Southgate talks of how influencers “trick young men into believing that success is measured by money or dominance, never showing emotion, and that the world – including women – is against
them”. This is how 13 year old me felt.
The success thing is obviously nothing new. The “never showing emotion” was known as “cool” in my day. For us it was The Fonz and Danny Zuko in Grease, for my Mum it was Marlon Brando and John Wayne, for the generation after me it was Stallone and Schwarzenegger. And so on.
As for women being “against them”, here we come to the hardest part of understanding teenagers. Because they are still working everything out, and sexual relations are the most puzzling thing there is. Fifty years later I can’t be sure I’ve worked them out.
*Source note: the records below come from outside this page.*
lemma sum_powr_le_1_of_unit:
  fixes a :: "'b \<Rightarrow> real"
  assumes "finite S" "\<forall>x\<in>S. 0 \<le> a x" "(\<Sum>x\<in>S. a x ^ 2) = 1" "2 < p"
  shows "(\<Sum>x\<in>S. a x powr p) \<le> 1 \<and> ((\<Sum>x\<in>S. a x powr p) = 1 \<longleftrightarrow> (\<forall>x\<in>S. a x = 0 \<or> a x = 1))"
proof -
  have pw: "\<forall>x\<in>S. a x powr p \<le> a x ^ 2 \<and> (a x powr p = a x ^ 2 \<longleftrightarrow> a x = 0 \<or> a x = 1)"
    using assms le_1_of_sum_squares_eq_1[OF assms(1) _ assms(3)] powr_le_square by blast
  then have "(\<Sum>x\<in>S. a x powr p) \<le> (\<Sum>x\<in>S. a x ^ 2)"
    by (intro sum_mono) blast
  moreover have "(\<Sum>x\<in>S. a x powr p) = (\<Sum>x\<in>S. a x ^ 2) \<longleftrightarrow> (\<forall>x\<in>S. a x = 0 \<or> a x = 1)"
    using pw by (subst sum_mono_eq_iff[OF assms(1)]) auto
  ultimately show ?thesis using assms(3) by auto
qed

lemma row_pnorm_ge_1:
  assumes "is_unitary n U" "0 < p" "p < 2"
  shows "1 \<le> row_pnorm n U p z \<and>
    (row_pnorm n U p z = 1 \<longleftrightarrow> (\<forall>x\<in>pauli_idx n. cmod (repmat n U z x) = 0 \<or> cmod (repmat n U z x) = 1))"
proof -
  let ?S = "\<Sum>x\<in>pauli_idx n. cmod (repmat n U z x) powr p"
  have S: "1 \<le> ?S \<and> (?S = 1 \<longleftrightarrow> (\<forall>x\<in>pauli_idx n. cmod (repmat n U z x) = 0 \<or> cmod (repmat n U z x) = 1))"
    using assms by (intro sum_powr_ge_1_of_unit finite_pauli_idx repmat_row_norm_sq) auto
  then show ?thesis
    using assms(2) powr_eq_1_iff[of ?S "1/p"] ge_one_powr_ge_zero[of ?S "1/p"]
    by (simp add: row_pnorm_def)
qed
lemma X_D_X_prod:
  assumes i: "i < n" and L: "set L \<subseteq> {..<n}" "distinct L"
  shows "X i (D i (X_prod L h y))
    = X_prod L h (X i (D i y)) + sm (of_nat (if i \<in> set L then h i else 0)) (X_prod L h y)"
  using L
proof (induction L)
  case (Cons j L)
  then have j: "j < n" and L': "set L \<subseteq> {..<n}" "distinct L" and jL: "j \<notin> set L" by auto
  note hom_Xpow = module_hom_funpow[OF module_hom_X[OF j]]
  have "X i (D i (X_prod (j # L) h y))
      = (X j ^^ h j) (X i (D i (X_prod L h y)))
        + sm (of_nat (if i = j then h j else 0)) ((X j ^^ h j) (X_prod L h y))"
    by (simp add: X_prod_Cons X_D_X_funpow[OF i j])
  also have "\<dots> = X_prod (j # L) h (X i (D i y))
      + sm (of_nat (if i \<in> set L then h i else 0)) (X_prod (j # L) h y)
      + sm (of_nat (if i = j then h j else 0)) (X_prod (j # L) h y)"
    by (simp add: Cons.IH[OF L'] X_prod_Cons module_hom.add[OF hom_Xpow] module_hom.scale[OF hom_Xpow])
  also have "\<dots> = X_prod (j # L) h (X i (D i y))
      + sm (of_nat (if i \<in> set (j # L) then h i else 0)) (X_prod (j # L) h y)"
    using jL by (auto simp: add.assoc scale_left_distrib[symmetric])
  finally show ?case .
qed simp

lemma module_hom_euler: "module_hom sm sm E"
  unfolding euler_def[abs_def]
  by (intro module_hom_sum)
    (auto intro: module_hom_compose[unfolded comp_def] module_hom_X module_hom_D module_axioms)

lemma euler_Xmon:
  "E (Xmon n X \<alpha> y) = Xmon n X \<alpha> (E y) + sm (of_nat (\<Sum>i<n. Poly_Mapping.lookup \<alpha> i)) (Xmon n X \<alpha> y)"
proof -
  have "E (Xmon n X \<alpha> y)
      = (\<Sum>i<n. Xmon n X \<alpha> (X i (D i y)) + sm (of_nat (Poly_Mapping.lookup \<alpha> i)) (Xmon n X \<alpha> y))"
    unfolding euler_def Xmon_eq_X_prod
    by (rule sum.cong) (use X_D_X_prod[of _ "[0..<n]", OF _ _ distinct_upt] atLeast0LessThan in auto)
  then show ?thesis
    by (simp add: sum.distrib euler_def module_hom.sum[OF module_hom_Xmon] scale_sum_left)
qed

lemma euler_pact:
  assumes "homogeneous_of n e g"
  shows "E (act g y) = act g (E y) + sm (of_nat e) (act g y)"
proof -
  have "E (act g y) = (\<Sum>\<alpha>\<in>Poly_Mapping.keys g. sm (Poly_Mapping.lookup g \<alpha>) (E (Xmon n X \<alpha> y)))"
    unfolding pact_def by (simp add: module_hom.sum[OF module_hom_euler] module_hom.scale[OF module_hom_euler])
  also have "\<dots> = (\<Sum>\<alpha>\<in>Poly_Mapping.keys g. sm (Poly_Mapping.lookup g \<alpha>) (Xmon n X \<alpha> (E y))
        + sm (of_nat e) (sm (Poly_Mapping.lookup g \<alpha>) (Xmon n X \<alpha> y)))"
    using assms unfolding homogeneous_of_def
    by (intro sum.cong) (simp_all add: euler_Xmon mon_deg_eq_sum_lessThan[symmetric]
        scale_right_distrib mult.commute)
  also have "\<dots> = act g (E y) + sm (of_nat e) (act g y)"
    unfolding pact_def by (simp add: sum.distrib scale_sum_right)
  finally show ?thesis .
qed

lemma X_pact_pderiv:
  assumes i: "i < n"
  shows "X i (act (pderiv_mp i g) m) = (\<Sum>\<alpha>\<in>Poly_Mapping.keys g.
      sm (of_nat (Poly_Mapping.lookup \<alpha> i) * Poly_Mapping.lookup g \<alpha>) (Xmon n X \<alpha> m))"
proof -
  have "X i (act (pderiv_mp i g) m) = (\<Sum>\<alpha>\<in>Poly_Mapping.keys g.
      sm (of_nat (Poly_Mapping.lookup \<alpha> i) * Poly_Mapping.lookup g \<alpha>)
        (X i (Xmon n X (\<alpha> - Poly_Mapping.single i 1) m)))"
    unfolding pderiv_mp_def
    by (simp add: pact_sum pact_single module_hom.sum[OF module_hom_X[OF i]]
        module_hom.scale[OF module_hom_X[OF i]])
  also have "\<dots> = (\<Sum>\<alpha>\<in>Poly_Mapping.keys g.
      sm (of_nat (Poly_Mapping.lookup \<alpha> i) * Poly_Mapping.lookup g \<alpha>) (Xmon n X \<alpha> m))"
  proof (rule sum.cong)
    fix \<alpha>
    have "Poly_Mapping.lookup \<alpha> i \<noteq> 0
        \<Longrightarrow> X i (Xmon n X (\<alpha> - Poly_Mapping.single i 1) m) = Xmon n X \<alpha> m"
      by (metis Xmon_add Xmon_single[OF i] single_add_diff_single)
    then show "sm (of_nat (Poly_Mapping.lookup \<alpha> i) * Poly_Mapping.lookup g \<alpha>)
          (X i (Xmon n X (\<alpha> - Poly_Mapping.single i 1) m))
        = sm (of_nat (Poly_Mapping.lookup \<alpha> i) * Poly_Mapping.lookup g \<alpha>) (Xmon n X \<alpha> m)"
      by (cases "Poly_Mapping.lookup \<alpha> i = 0") simp_all
  qed simp
  finally show ?thesis .
qed

lemma euler_identity_pact:
  assumes "homogeneous_of n e g"
  shows "(\<Sum>i<n. X i (act (pderiv_mp i g) m)) = sm (of_nat e) (act g m)"
proof -
  have "(\<Sum>i<n. X i (act (pderiv_mp i g) m)) = (\<Sum>\<alpha>\<in>Poly_Mapping.keys g.
      sm (of_nat (\<Sum>i<n. Poly_Mapping.lookup \<alpha> i) * Poly_Mapping.lookup g \<alpha>) (Xmon n X \<alpha> m))"
    by (simp add: X_pact_pderiv, subst sum.swap) (simp add: scale_sum_left[symmetric] sum_distrib_right)
  also have "\<dots> = (\<Sum>\<alpha>\<in>Poly_Mapping.keys g. sm (of_nat e) (sm (Poly_Mapping.lookup g \<alpha>) (Xmon n X \<alpha> m)))"
    using assms unfolding homogeneous_of_def
    by (intro sum.cong) (simp_all add: mon_deg_eq_sum_lessThan[symmetric])
  also have "\<dots> = sm (of_nat e) (act g m)"
    unfolding pact_def by (simp add: scale_sum_right)
  finally show ?thesis .
qed

definition euler_shift :: "int \<Rightarrow> 'm \<Rightarrow> 'm" where
  "euler_shift c x = E x - sm (of_int c) x"

lemma module_hom_euler_shift: "module_hom sm sm (euler_shift c)"
  unfolding euler_shift_def[abs_def] by (intro module_hom_sub module_hom_euler module_hom_scale_self)

lemma euler_shift_pact:
  assumes "homogeneous_of n e g"
  shows "euler_shift c (act g y) = act g (euler_shift (c - int e) y)"
  using euler_pact[OF assms, of y]
  by (simp add: euler_shift_def module_hom.diff[OF module_hom_pact] module_hom.scale[OF module_hom_pact]
      scale_left_diff_distrib)

lemma euler_shift_funpow_pact:
  "homogeneous_of n e g \<Longrightarrow> (euler_shift c ^^ a) (act g y) = act g ((euler_shift (c - int e) ^^ a) y)"
  by (induction a) (simp_all add: euler_shift_pact)

lemma euler_shift_funpow_pact_power:
  assumes "homogeneous_of n e g"
  shows "(euler_shift c ^^ a) (act (g ^ j) y) = act (g ^ j) ((euler_shift (c - int j * int e) ^^ a) y)"
proof (induction j arbitrary: c)
  case (Suc j)
  have "(euler_shift c ^^ a) (act (g ^ Suc j) y) = act g (act (g ^ j) ((euler_shift (c - int e - int j * int e) ^^ a) y))"
    by (simp only: power_Suc pact_mult euler_shift_funpow_pact[OF assms] Suc.IH)
  also have "c - int e - int j * int e = c - int (Suc j) * int e"
    by (simp add: algebra_simps)
  finally show ?case
    by (simp only: power_Suc pact_mult)
qed (simp add: pact_one)
section \<open>Perturbing sums of eigenvalues\<close>

lemma eventually_separates_first:
  fixes s :: "'a::finite \<Rightarrow> complex" and t :: "'b::finite \<Rightarrow> complex"
  assumes "inj s"
  shows "\<forall>\<^sub>F c in at_right (0::real). \<forall>a a' b b'. a \<noteq> a' \<longrightarrow> s a + of_real c * t b \<noteq> s a' + of_real c * t b'"
proof (intro eventually_all_finite)
  fix a a' b b'
  show "\<forall>\<^sub>F c in at_right (0::real). a \<noteq> a' \<longrightarrow> s a + of_real c * t b \<noteq> s a' + of_real c * t b'"
  proof (cases "a = a'")
    case False
    have "((\<lambda>c::real. (s a + of_real c * t b) - (s a' + of_real c * t b')) \<longlongrightarrow> s a - s a') (at_right 0)"
      by (auto intro!: tendsto_eq_intros)
    moreover have "s a - s a' \<noteq> 0"
      using False assms by (auto dest: injD)
    ultimately have "\<forall>\<^sub>F c in at_right (0::real). (s a + of_real c * t b) - (s a' + of_real c * t b') \<noteq> 0"
      by (rule tendsto_imp_eventually_ne)
    then show ?thesis
      by (rule eventually_mono) auto
  qed simp
qed

lemma fiber_perturbed_sum:
  fixes s :: "'a::finite \<Rightarrow> complex" and t :: "'b::finite \<Rightarrow> complex"
  assumes sep: "\<forall>a a' b b'. a \<noteq> a' \<longrightarrow> s a + of_real c * t b \<noteq> s a' + of_real c * t b'" and "c \<noteq> 0"
  shows "{q. s (fst q) + of_real c * t (snd q) = s a0 + of_real c * t b0} = {a0} \<times> {b. t b = t b0}"
proof (intro Set.set_eqI iffI)
  fix q assume "q \<in> {q. s (fst q) + of_real c * t (snd q) = s a0 + of_real c * t b0}"
  then have eq: "s (fst q) + of_real c * t (snd q) = s a0 + of_real c * t b0"
    by simp
  then have "fst q = a0"
    using sep by blast
  then show "q \<in> {a0} \<times> {b. t b = t b0}"
    using eq assms(2) by (auto simp: mem_Times_iff)
qed (auto simp: mem_Times_iff)

lemma inj_perturbed_sum:
  fixes s :: "'a::finite \<Rightarrow> complex" and t :: "'b::finite \<Rightarrow> complex"
  assumes s: "inj s" and t: "inj t"
  shows "\<exists>c>0. inj (\<lambda>p. s (fst p) + of_real c * t (snd p))"
proof -
  obtain c :: real where c: "0 < c"
    and sep: "\<forall>a a' b b'. a \<noteq> a' \<longrightarrow> s a + of_real c * t b \<noteq> s a' + of_real c * t b'"
    using eventually_happens'[OF _ eventually_conj[OF eventually_at_right_less eventually_separates_first[OF s, where t = t]]]
    by auto
  have "inj (\<lambda>p. s (fst p) + of_real c * t (snd p))"
  proof (rule injI)
    fix p q :: "'a \<times> 'b"
    assume "s (fst p) + of_real c * t (snd p) = s (fst q) + of_real c * t (snd q)"
    then have "p \<in> {fst q} \<times> {b. t b = t (snd q)}"
      using fiber_perturbed_sum[OF sep, of "fst q" "snd q"] c by auto
    then show "p = q"
      using t by (auto simp: prod_eq_iff dest: injD)
  qed
  then show ?thesis
    using c by blast
qed

definition cross_inv_dist_sum ::
    "('a::finite \<Rightarrow> complex) \<Rightarrow> ('b::finite \<Rightarrow> complex) \<Rightarrow> real \<Rightarrow> 'a \<Rightarrow> 'b \<Rightarrow> complex" where
  "cross_inv_dist_sum s t c a0 b0 = (\<Sum>a\<in>UNIV - {a0}. \<Sum>b\<in>UNIV. 1 / (s a - s a0 + of_real c * (t b - t b0)))"

lemma inv_dist_sum_perturbed_sum:
  fixes s :: "'a::finite \<Rightarrow> complex" and t :: "'b::finite \<Rightarrow> complex"
  assumes "c \<noteq> 0"
  shows "inv_dist_sum (\<lambda>p. s (fst p) + of_real c * t (snd p)) (s a0 + of_real c * t b0)
    = (1 / of_real c) * (inv_dist_sum t (t b0) + of_real c * cross_inv_dist_sum s t c a0 b0)"
proof -
  have "inv_dist_sum (\<lambda>p. s (fst p) + of_real c * t (snd p)) (s a0 + of_real c * t b0)
      = (\<Sum>a\<in>UNIV. \<Sum>b\<in>UNIV. 1 / (s a - s a0 + of_real c * (t b - t b0)))"
    unfolding inv_dist_sum_def sum_UNIV_prod_type by (simp add: algebra_simps)
  also have "\<dots> = (\<Sum>b\<in>UNIV. 1 / (of_real c * (t b - t b0))) + cross_inv_dist_sum s t c a0 b0"
    unfolding cross_inv_dist_sum_def by (subst sum.remove[of UNIV a0]) auto
  also have "(\<Sum>b\<in>UNIV. 1 / (of_real c * (t b - t b0))) = (1 / of_real c) * inv_dist_sum t (t b0)"
    unfolding inv_dist_sum_def sum_distrib_left by (rule sum.cong) auto
  finally show ?thesis
    using assms by (simp add: distrib_left)
qed
lemma search_measure_union_le:
  "search_measure (\<Gamma> + N) (\<Delta> + M) U \<le> search_measure \<Gamma> \<Delta> U + (\<Sum>\<phi>\<in>#N + M. weight \<phi>)"
proof -
  have right: "search_measure \<Gamma> (\<Delta> + M) U \<le> search_measure \<Gamma> \<Delta> U + (\<Sum>\<phi>\<in>#M. weight \<phi>)"
  proof (induction M)
    case (add \<phi> M)
    then show ?case using search_measure_add_right[of \<Gamma> \<phi> "\<Delta> + M" U] by simp
  qed simp
  have "search_measure (\<Gamma> + N) \<Delta>' U \<le> search_measure \<Gamma> \<Delta>' U + (\<Sum>\<phi>\<in>#N. weight \<phi>)" for \<Delta>'
  proof (induction N)
    case (add \<phi> N)
    then show ?case using search_measure_add_left[of \<phi> "\<Gamma> + N" \<Delta>' U] by simp
  qed simp
  from this[of "\<Delta> + M"] right show ?thesis by simp
qed

lemma search_measure_decompose:
  assumes "is_compound \<phi>" and "(\<Sum>\<psi>\<in>#N + M. weight \<psi>) < weight \<phi>"
  shows "search_measure (\<Gamma> + N) (\<Delta> + M) U < search_measure (add_mset \<phi> \<Gamma>) \<Delta> U"
    and "search_measure (\<Gamma> + N) (\<Delta> + M) U < search_measure \<Gamma> (add_mset \<phi> \<Delta>) U"
  using search_measure_union_le[of \<Gamma> N \<Delta> M U] assms
    search_measure_compound_left[of \<phi> \<Gamma> \<Delta> U] search_measure_compound_right[of \<phi> \<Gamma> \<Delta> U]
  by simp_all
(* For every approval-based SCV instance there exists a committee that simultaneously satisfies weak-SW-JR and IW-JR, and such a committee is produced by the following procedure: (1) start with $W=\emptyset$; (2) for each $j=1,\ldots,\ell$, repeatedly add to $W$ a candidate of $C_j$ whose support among voters not yet having an approved candidate in $W\cap C_j$ is largest, as long as this support is at least $n/k_j$ and fewer than $k_j$ candidates of $C_j$ have been chosen; (3) then, using the remaining positions, repeatedly add an unelected candidate (from a subset $C_j$ with $|W\cap C_j|<k_j$) whose support among voters having no approved candidate in $W$ is largest, as long as this support is at least $n/k$; (4) fill any remaining positions arbitrarily so that $|W\cap C_j|=k_j$ for all $j$. Here the support of a candidate $c$ among a set of voters $S$ is $|\{i\in S: c\in A_i\}|$.
   Context: An approval-based sub-committee voting (SCV) instance consists of a set of voters $N=\{1,\ldots,n\}$, a finite set of candidates $C$ partitioned into candidate subsets $C_1,\ldots,C_\ell$, positive integer quotas $k_j\le |C_j|$ with $k=\sum_{j=1}^\ell k_j$, and approval ballots $A_i\subseteq C$ for $i\in N$. A committee is a set $W\subseteq C$ with $|W\cap C_j|=k_j$ for every $j$. $W$ satisfies Intra-wise JR (IW-JR) if for every $X\subseteq N$ and every $j$, whenever $|X|\ge n/k_j$ and $|(\bigcap_{i\in X}A_i)\cap C_j|\ge 1$, we have $|W\cap C_j\cap \bigcup_{i\in X}A_i|\ge 1$. $W$ satisfies weak-SW-JR if for every $X\subseteq N$ with $|X|\ge n/k$ and $|(\bigcap_{i\in X}A_i)\cap C_j|\ge 1$ for all $j=1,\ldots,\ell$ we have $|W\cap \bigcup_{i\in X}A_i|\ge 1$. *)

theory Defs
  imports Main Complex_Main
begin

(* Voters: finite set N :: 'v set, n = card N.
   Candidates: C :: 'c set, partitioned into Cs 0, ..., Cs (l-1) (0-indexed).
   Quotas: kq j for j < l; k = sum of quotas.  Ballots: A :: 'v => 'c set. *)

definition total_k :: "nat \<Rightarrow> (nat \<Rightarrow> nat) \<Rightarrow> nat" where
  "total_k l kq = (\<Sum>j<l. kq j)"

definition scv_instance ::
  "'v set \<Rightarrow> ('v \<Rightarrow> 'c set) \<Rightarrow> 'c set \<Rightarrow> nat \<Rightarrow> (nat \<Rightarrow> 'c set) \<Rightarrow> (nat \<Rightarrow> nat) \<Rightarrow> bool" where
  "scv_instance N A C l Cs kq \<longleftrightarrow>
     finite N \<and> N \<noteq> {} \<and> finite C \<and> l \<ge> 1 \<and>
     (\<forall>j<l. Cs j \<subseteq> C) \<and>
     (\<forall>j<l. \<forall>j'<l. j \<noteq> j' \<longrightarrow> Cs j \<inter> Cs j' = {}) \<and>
     (\<Union>j<l. Cs j) = C \<and>
     (\<forall>j<l. 1 \<le> kq j \<and> kq j \<le> card (Cs j)) \<and>
     (\<forall>i\<in>N. A i \<subseteq> C)"

definition is_committee :: "'c set \<Rightarrow> nat \<Rightarrow> (nat \<Rightarrow> 'c set) \<Rightarrow> (nat \<Rightarrow> nat) \<Rightarrow> 'c set \<Rightarrow> bool" where
  "is_committee C l Cs kq W \<longleftrightarrow> W \<subseteq> C \<and> (\<forall>j<l. card (W \<inter> Cs j) = kq j)"

definition IW_JR ::
  "'v set \<Rightarrow> ('v \<Rightarrow> 'c set) \<Rightarrow> nat \<Rightarrow> (nat \<Rightarrow> 'c set) \<Rightarrow> (nat \<Rightarrow> nat) \<Rightarrow> 'c set \<Rightarrow> bool" where
  "IW_JR N A l Cs kq W \<longleftrightarrow>
     (\<forall>X. X \<subseteq> N \<longrightarrow> (\<forall>j<l.
        real (card X) \<ge> real (card N) / real (kq j) \<and>
        card {c \<in> Cs j. \<forall>i\<in>X. c \<in> A i} \<ge> 1 \<longrightarrow>
        card (W \<inter> Cs j \<inter> (\<Union>i\<in>X. A i)) \<ge> 1))"

definition weak_SW_JR ::
  "'v set \<Rightarrow> ('v \<Rightarrow> 'c set) \<Rightarrow> nat \<Rightarrow> (nat \<Rightarrow> 'c set) \<Rightarrow> (nat \<Rightarrow> nat) \<Rightarrow> 'c set \<Rightarrow> bool" where
  "weak_SW_JR N A l Cs kq W \<longleftrightarrow>
     (\<forall>X. X \<subseteq> N \<longrightarrow>
        real (card X) \<ge> real (card N) / real (total_k l kq) \<and>
        (\<forall>j<l. card {c \<in> Cs j. \<forall>i\<in>X. c \<in> A i} \<ge> 1) \<longrightarrow>
        card (W \<inter> (\<Union>i\<in>X. A i)) \<ge> 1)"

definition support :: "('v \<Rightarrow> 'c set) \<Rightarrow> 'v set \<Rightarrow> 'c \<Rightarrow> nat" where
  "support A S c = card {i \<in> S. c \<in> A i}"

definition uncov_j :: "'v set \<Rightarrow> ('v \<Rightarrow> 'c set) \<Rightarrow> (nat \<Rightarrow> 'c set) \<Rightarrow> nat \<Rightarrow> 'c set \<Rightarrow> 'v set" where
  "uncov_j N A Cs j W = {i \<in> N. A i \<inter> W \<inter> Cs j = {}}"

definition step2 ::
  "'v set \<Rightarrow> ('v \<Rightarrow> 'c set) \<Rightarrow> (nat \<Rightarrow> 'c set) \<Rightarrow> (nat \<Rightarrow> nat) \<Rightarrow> nat \<Rightarrow> 'c set \<Rightarrow> 'c set \<Rightarrow> bool" where
  "step2 N A Cs kq j W W' \<longleftrightarrow>
     card (W \<inter> Cs j) < kq j \<and>
     (\<exists>c \<in> Cs j - W.
        real (support A (uncov_j N A Cs j W) c) \<ge> real (card N) / real (kq j) \<and>
        (\<forall>c' \<in> Cs j - W. support A (uncov_j N A Cs j W) c' \<le> support A (uncov_j N A Cs j W) c) \<and>
        W' = insert c W)"

definition stop2 ::
  "'v set \<Rightarrow> ('v \<Rightarrow> 'c set) \<Rightarrow> (nat \<Rightarrow> 'c set) \<Rightarrow> (nat \<Rightarrow> nat) \<Rightarrow> nat \<Rightarrow> 'c set \<Rightarrow> bool" where
  "stop2 N A Cs kq j W \<longleftrightarrow>
     \<not> (card (W \<inter> Cs j) < kq j \<and>
        (\<exists>c \<in> Cs j - W. real (support A (uncov_j N A Cs j W) c) \<ge> real (card N) / real (kq j)))"

definition eligible3 :: "'c set \<Rightarrow> nat \<Rightarrow> (nat \<Rightarrow> 'c set) \<Rightarrow> (nat \<Rightarrow> nat) \<Rightarrow> 'c set \<Rightarrow> 'c \<Rightarrow> bool" where
  "eligible3 C l Cs kq W c \<longleftrightarrow> c \<in> C - W \<and> (\<exists>j<l. c \<in> Cs j \<and> card (W \<inter> Cs j) < kq j)"

definition uncov :: "'v set \<Rightarrow> ('v \<Rightarrow> 'c set) \<Rightarrow> 'c set \<Rightarrow> 'v set" where
  "uncov N A W = {i \<in> N. A i \<inter> W = {}}"

definition step3 ::
  "'v set \<Rightarrow> ('v \<Rightarrow> 'c set) \<Rightarrow> 'c set \<Rightarrow> nat \<Rightarrow> (nat \<Rightarrow> 'c set) \<Rightarrow> (nat \<Rightarrow> nat) \<Rightarrow> 'c set \<Rightarrow> 'c set \<Rightarrow> bool" where
  "step3 N A C l Cs kq W W' \<longleftrightarrow>
     (\<exists>c. eligible3 C l Cs kq W c \<and>
        real (support A (uncov N A W) c) \<ge> real (card N) / real (total_k l kq) \<and>
        (\<forall>c'. eligible3 C l Cs kq W c' \<longrightarrow> support A (uncov N A W) c' \<le> support A (uncov N A W) c) \<and>
        W' = insert c W)"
At age 13, as depicted in Adolescence, that boy is like me. He’s vaguely worked out his sexuality, but most likely won’t have any practical sexual or even romantic experience for, in my case, another four or five years. At age 13 it remains a mind-blowing realm of confusion, that no one seems able or willing to explain to you properly.
So I didn’t so much see girls as the enemy, more as an enigma, these people who you were drawn to and fixated by, but incapable of talking to and who seemed to comprehend things you didn’t. Trying to understand women was like trying to talk to cats. It would take a number of years before, in my case, the mystery started to be explained, by the women who, luckily for me, became fellow students and, in a couple of examples, romantic relationships.
But we had no internet, no influencers, no “red pill emojis” and other parts of Adolescence that remain a mystery to me. We were able to become misguided, and undeniably misogynistic, with the help of just TV, tabloids, and our fellow male teenagers.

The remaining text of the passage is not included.